WHAT YOU ARE ASKED TO DO:
Your task is to transcribe the data in full.
--- DATA FOR REVIEW ---
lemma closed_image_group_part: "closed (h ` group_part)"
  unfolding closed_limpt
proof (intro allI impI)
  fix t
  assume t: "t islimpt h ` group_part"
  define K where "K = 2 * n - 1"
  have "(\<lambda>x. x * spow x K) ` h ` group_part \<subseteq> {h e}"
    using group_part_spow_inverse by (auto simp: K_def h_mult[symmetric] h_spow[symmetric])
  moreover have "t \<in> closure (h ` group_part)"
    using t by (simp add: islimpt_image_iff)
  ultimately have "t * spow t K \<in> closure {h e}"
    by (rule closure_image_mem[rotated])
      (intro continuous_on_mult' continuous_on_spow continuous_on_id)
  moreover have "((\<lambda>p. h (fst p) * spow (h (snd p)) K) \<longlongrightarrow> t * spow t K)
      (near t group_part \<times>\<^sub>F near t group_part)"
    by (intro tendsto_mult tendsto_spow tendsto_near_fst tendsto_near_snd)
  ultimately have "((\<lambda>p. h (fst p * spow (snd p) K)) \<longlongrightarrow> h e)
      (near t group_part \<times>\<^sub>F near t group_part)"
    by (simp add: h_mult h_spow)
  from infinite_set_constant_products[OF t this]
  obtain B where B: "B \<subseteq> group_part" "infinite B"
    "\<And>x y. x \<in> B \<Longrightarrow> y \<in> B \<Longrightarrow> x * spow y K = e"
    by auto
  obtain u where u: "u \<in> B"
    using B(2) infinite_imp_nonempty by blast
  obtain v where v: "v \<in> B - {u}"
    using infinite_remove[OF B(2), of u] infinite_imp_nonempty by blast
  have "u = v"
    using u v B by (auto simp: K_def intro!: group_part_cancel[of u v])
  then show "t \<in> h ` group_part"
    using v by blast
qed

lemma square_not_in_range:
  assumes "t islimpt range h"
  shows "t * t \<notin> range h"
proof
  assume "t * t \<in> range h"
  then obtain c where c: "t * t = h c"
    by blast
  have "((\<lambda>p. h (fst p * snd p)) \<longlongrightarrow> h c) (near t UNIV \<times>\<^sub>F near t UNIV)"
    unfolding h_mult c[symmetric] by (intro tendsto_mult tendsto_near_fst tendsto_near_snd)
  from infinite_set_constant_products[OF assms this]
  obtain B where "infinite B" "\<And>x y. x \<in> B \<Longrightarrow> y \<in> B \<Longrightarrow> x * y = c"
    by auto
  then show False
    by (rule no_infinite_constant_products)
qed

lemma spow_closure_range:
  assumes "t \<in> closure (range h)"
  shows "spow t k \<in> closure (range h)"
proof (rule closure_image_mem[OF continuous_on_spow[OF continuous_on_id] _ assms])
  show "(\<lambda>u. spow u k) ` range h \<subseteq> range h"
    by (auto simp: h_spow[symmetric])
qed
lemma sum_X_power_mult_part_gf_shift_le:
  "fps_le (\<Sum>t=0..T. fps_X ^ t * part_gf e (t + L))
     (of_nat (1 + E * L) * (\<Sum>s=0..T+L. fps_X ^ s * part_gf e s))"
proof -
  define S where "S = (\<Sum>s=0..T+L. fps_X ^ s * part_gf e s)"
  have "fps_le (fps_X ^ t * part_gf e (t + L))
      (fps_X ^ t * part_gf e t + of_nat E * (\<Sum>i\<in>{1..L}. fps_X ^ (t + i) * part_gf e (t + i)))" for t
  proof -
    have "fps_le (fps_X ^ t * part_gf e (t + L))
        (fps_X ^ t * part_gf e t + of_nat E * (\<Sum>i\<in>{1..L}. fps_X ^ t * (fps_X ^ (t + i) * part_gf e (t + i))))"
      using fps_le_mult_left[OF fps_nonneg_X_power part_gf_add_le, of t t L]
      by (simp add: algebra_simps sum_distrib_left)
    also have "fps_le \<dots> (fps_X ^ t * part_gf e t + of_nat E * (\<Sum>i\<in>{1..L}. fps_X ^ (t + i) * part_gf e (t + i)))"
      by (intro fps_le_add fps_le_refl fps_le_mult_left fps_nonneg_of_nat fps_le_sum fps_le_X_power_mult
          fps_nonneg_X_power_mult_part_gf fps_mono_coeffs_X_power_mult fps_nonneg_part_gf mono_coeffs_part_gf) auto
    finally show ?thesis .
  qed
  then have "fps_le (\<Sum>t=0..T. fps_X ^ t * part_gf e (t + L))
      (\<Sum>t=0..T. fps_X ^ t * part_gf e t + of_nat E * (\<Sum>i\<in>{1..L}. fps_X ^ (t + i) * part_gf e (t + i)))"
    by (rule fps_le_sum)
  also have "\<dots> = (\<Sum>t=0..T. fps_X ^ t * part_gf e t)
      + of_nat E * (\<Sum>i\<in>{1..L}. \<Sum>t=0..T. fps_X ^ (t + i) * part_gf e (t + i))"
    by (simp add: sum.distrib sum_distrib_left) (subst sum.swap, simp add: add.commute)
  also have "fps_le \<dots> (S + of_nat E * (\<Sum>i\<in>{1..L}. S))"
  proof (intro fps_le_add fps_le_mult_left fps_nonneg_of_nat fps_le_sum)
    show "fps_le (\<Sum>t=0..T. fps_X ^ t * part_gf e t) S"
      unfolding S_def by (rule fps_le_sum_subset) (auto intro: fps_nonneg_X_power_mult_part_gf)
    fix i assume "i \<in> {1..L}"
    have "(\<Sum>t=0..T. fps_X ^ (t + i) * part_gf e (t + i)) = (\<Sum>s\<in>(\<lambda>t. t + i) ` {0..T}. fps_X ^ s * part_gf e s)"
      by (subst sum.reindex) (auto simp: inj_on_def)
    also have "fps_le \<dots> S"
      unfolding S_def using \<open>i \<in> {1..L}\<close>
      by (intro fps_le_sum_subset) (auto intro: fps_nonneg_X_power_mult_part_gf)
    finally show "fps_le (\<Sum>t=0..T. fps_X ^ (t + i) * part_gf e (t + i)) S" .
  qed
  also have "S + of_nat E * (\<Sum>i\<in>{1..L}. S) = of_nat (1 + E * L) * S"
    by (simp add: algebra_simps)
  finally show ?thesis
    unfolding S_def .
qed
---
RESPONSE TO THIS EXERCISE:
lemma closed_image_group_part: "closed (h ` group_part)"
  unfolding closed_limpt
proof (intro allI impI)
  fix t
  assume t: "t islimpt h ` group_part"
  define K where "K = 2 * n - 1"
  have "(\<lambda>x. x * spow x K) ` h ` group_part \<subseteq> {h e}"
    using group_part_spow_inverse by (auto simp: K_def h_mult[symmetric] h_spow[symmetric])
  moreover have "t \<in> closure (h ` group_part)"
    using t by (simp add: islimpt_image_iff)
  ultimately have "t * spow t K \<in> closure {h e}"
    by (rule closure_image_mem[rotated])
      (intro continuous_on_mult' continuous_on_spow continuous_on_id)
  moreover have "((\<lambda>p. h (fst p) * spow (h (snd p)) K) \<longlongrightarrow> t * spow t K)
      (near t group_part \<times>\<^sub>F near t group_part)"
    by (intro tendsto_mult tendsto_spow tendsto_near_fst tendsto_near_snd)
  ultimately have "((\<lambda>p. h (fst p * spow (snd p) K)) \<longlongrightarrow> h e)
      (near t group_part \<times>\<^sub>F near t group_part)"
    by (simp add: h_mult h_spow)
  from infinite_set_constant_products[OF t this]
  obtain B where B: "B \<subseteq> group_part" "infinite B"
    "\<And>x y. x \<in> B \<Longrightarrow> y \<in> B \<Longrightarrow> x * spow y K = e"
    by auto
  obtain u where u: "u \<in> B"
    using B(2) infinite_imp_nonempty by blast
  obtain v where v: "v \<in> B - {u}"
    using infinite_remove[OF B(2), of u] infinite_imp_nonempty by blast
  have "u = v"
    using u v B by (auto simp: K_def intro!: group_part_cancel[of u v])
  then show "t \<in> h ` group_part"
    using v by blast
qed

lemma square_not_in_range:
  assumes "t islimpt range h"
  shows "t * t \<notin> range h"
proof
  assume "t * t \<in> range h"
  then obtain c where c: "t * t = h c"
    by blast
  have "((\<lambda>p. h (fst p * snd p)) \<longlongrightarrow> h c) (near t UNIV \<times>\<^sub>F near t UNIV)"
    unfolding h_mult c[symmetric] by (intro tendsto_mult tendsto_near_fst tendsto_near_snd)
  from infinite_set_constant_products[OF assms this]
  obtain B where "infinite B" "\<And>x y. x \<in> B \<Longrightarrow> y \<in> B \<Longrightarrow> x * y = c"
    by auto
  then show False
    by (rule no_infinite_constant_products)
qed

lemma spow_closure_range:
  assumes "t \<in> closure (range h)"
  shows "spow t k \<in> closure (range h)"
proof (rule closure_image_mem[OF continuous_on_spow[OF continuous_on_id] _ assms])
  show "(\<lambda>u. spow u k) ` range h \<subseteq> range h"
    by (auto simp: h_spow[symmetric])
qed
lemma sum_X_power_mult_part_gf_shift_le:
  "fps_le (\<Sum>t=0..T. fps_X ^ t * part_gf e (t + L))
     (of_nat (1 + E * L) * (\<Sum>s=0..T+L. fps_X ^ s * part_gf e s))"
proof -
  define S where "S = (\<Sum>s=0..T+L. fps_X ^ s * part_gf e s)"
  have "fps_le (fps_X ^ t * part_gf e (t + L))
      (fps_X ^ t * part_gf e t + of_nat E * (\<Sum>i\<in>{1..L}. fps_X ^ (t + i) * part_gf e (t + i)))" for t
  proof -
    have "fps_le (fps_X ^ t * part_gf e (t + L))
        (fps_X ^ t * part_gf e t + of_nat E * (\<Sum>i\<in>{1..L}. fps_X ^ t * (fps_X ^ (t + i) * part_gf e (t + i))))"
      using fps_le_mult_left[OF fps_nonneg_X_power part_gf_add_le, of t t L]
      by (simp add: algebra_simps sum_distrib_left)
    also have "fps_le \<dots> (fps_X ^ t * part_gf e t + of_nat E * (\<Sum>i\<in>{1..L}. fps_X ^ (t + i) * part_gf e (t + i)))"
      by (intro fps_le_add fps_le_refl fps_le_mult_left fps_nonneg_of_nat fps_le_sum fps_le_X_power_mult
          fps_nonneg_X_power_mult_part_gf fps_mono_coeffs_X_power_mult fps_nonneg_part_gf mono_coeffs_part_gf) auto
    finally show ?thesis .
  qed
  then have "fps_le (\<Sum>t=0..T. fps_X ^ t * part_gf e (t + L))
      (\<Sum>t=0..T. fps_X ^ t * part_gf e t + of_nat E * (\<Sum>i\<in>{1..L}. fps_X ^ (t + i) * part_gf e (t + i)))"
    by (rule fps_le_sum)
  also have "\<dots> = (\<Sum>t=0..T. fps_X ^ t * part_gf e t)
      + of_nat E * (\<Sum>i\<in>{1..L}. \<Sum>t=0..T. fps_X ^ (t + i) * part_gf e (t + i))"
    by (simp add: sum.distrib sum_distrib_left) (subst sum.swap, simp add: add.commute)
  also have "fps_le \<dots> (S + of_nat E * (\<Sum>i\<in>{1..L}. S))"
  proof (intro fps_le_add fps_le_mult_left fps_nonneg_of_nat fps_le_sum)
    show "fps_le (\<Sum>t=0..T. fps_X ^ t * part_gf e t) S"
      unfolding S_def by (rule fps_le_sum_subset) (auto intro: fps_nonneg_X_power_mult_part_gf)
    fix i assume "i \<in> {1..L}"
    have "(\<Sum>t=0..T. fps_X ^ (t + i) * part_gf e (t + i)) = (\<Sum>s\<in>(\<lambda>t. t + i) ` {0..T}. fps_X ^ s * part_gf e s)"
      by (subst sum.reindex) (auto simp: inj_on_def)
    also have "fps_le \<dots> S"
      unfolding S_def using \<open>i \<in> {1..L}\<close>
      by (intro fps_le_sum_subset) (auto intro: fps_nonneg_X_power_mult_part_gf)
    finally show "fps_le (\<Sum>t=0..T. fps_X ^ (t + i) * part_gf e (t + i)) S" .
  qed
  also have "S + of_nat E * (\<Sum>i\<in>{1..L}. S) = of_nat (1 + E * L) * S"
    by (simp add: algebra_simps)
  finally show ?thesis
    unfolding S_def .
qed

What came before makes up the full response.